(* Let $N_1$ and $N_2$ be Petri nets. If $N_1\approx^\Delta_{bSTb}N_2$ then $N_1\approx_{\mathscr F}N_2$.
   Context: Fix visible actions $\mathrm{Act}$ and $\tau\notin\mathrm{Act}$. A Petri net $N=(S,T,F,M_0,\ell)$ has disjoint $S,T$, $F:(S\times T)\cup(T\times S)\to\mathbb N$, $M_0\in\mathbb N^S$, $\ell:T\to\mathrm{Act}\cup\{\tau\}$. ${}^\bullet x(y)=F(y,x)$, $x^\bullet(y)=F(x,y)$, extended additively to finite multisets. For finite nonempty multiset $G$ of transitions, $M[G\rangle M'$ iff ${}^\bullet G\le M$ and $M'=M-{}^\bullet G+G^\bullet$. Step failures equivalence: $M\xrightarrow{\alpha}M'$ iff $M[t\rangle M'$ with $\ell(t)=\alpha$; $\Rightarrow$ is the reflexive transitive closure of $\xrightarrow{\tau}$; $M\overset{a_1\cdots a_n}{\Longrightarrow}M'$ iff $M\Rightarrow\xrightarrow{a_1}\Rightarrow\cdots\xrightarrow{a_n}\Rightarrow M'$. For a step $A$ (finite nonempty multiset over $\mathrm{Act}$), $M\xrightarrow{A}$ iff $M[G\rangle$ for a finite multiset $G$ of transitions, none labelled $\tau$, with label multiset $A$. $(\sigma,X)$ with $\sigma\in\mathrm{Act}^*$ and $X$ a finite set of steps is a step failure pair iff some $M$ has $M_0\overset{\sigma}{\Longrightarrow}M$, $M\not\xrightarrow{\tau}$ and $M\not\xrightarrow{A}$ for all $A\in X$. $N_1\approx_{\mathscr F}N_2$ iff they have the same step failure pairs. $\approx^\Delta_{bSTb}$: An ST-marking is $(M,U)\in\mathbb N^S\times T^*$, initial $(M_0,\varepsilon)$; $(M,U)\xrightarrow{a^+}(M-{}^\bullet t,Ut)$ iff $\ell(t)=a\in\mathrm{Act}$ and $M[t\rangle$; $(M,U)\xrightarrow{a^{-n}}(M+t^\bullet,U^{-n})$ iff the $n$-th element $t$ of $U$ has label $a$ ($U^{-n}$: with it removed); $(M,U)\xrightarrow{\tau}(M',U)$ iff $M[t\rangle M'$ with $\ell(t)=\tau$. $N_1\approx^\Delta_{bSTb}N_2$ iff there is a relation $\mathcal B$ between ST-markings of $N_1$ and $N_2$ relating the initial ones such that: if $\mathfrak M_1\mathcal B\mathfrak M_2$ and $\mathfrak M_1\xrightarrow{\alpha}\mathfrak M_1'$ then $\mathfrak M_2\Rightarrow\mathfrak M_2^\dagger\xrightarrow{(\alpha)}\mathfrak M_2'$ with $\mathfrak M_1\mathcal B\mathfrak M_2^\dagger$ and $\mathfrak M_1'\mathcal B\mathfrak M_2'$ (here $\Rightarrow$ is the reflexive transitive closure of $\xrightarrow{\tau}$ and $\xrightarrow{(\alpha)}$ means $\xrightarrow{\alpha}$ or, if $\alpha=\tau$, equality), and symmetrically; and if $\mathfrak M_1\mathcal B\mathfrak M_2$ and there is an infinite $\tau$-sequence from $\mathfrak M_1$ all of whose states are related to $\mathfrak M_2$, then there is an infinite $\tau$-sequence from $\mathfrak M_2$ with every state of the first related to every state of the second, and symmetrically. *)

theory Defs
  imports Main "HOL-Library.Multiset"
begin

## Problem description
Output exactly the lines between the one containing "theory Defs" and the final line above, both inclusive.

## Solution
theory Defs
  imports Main "HOL-Library.Multiset"
begin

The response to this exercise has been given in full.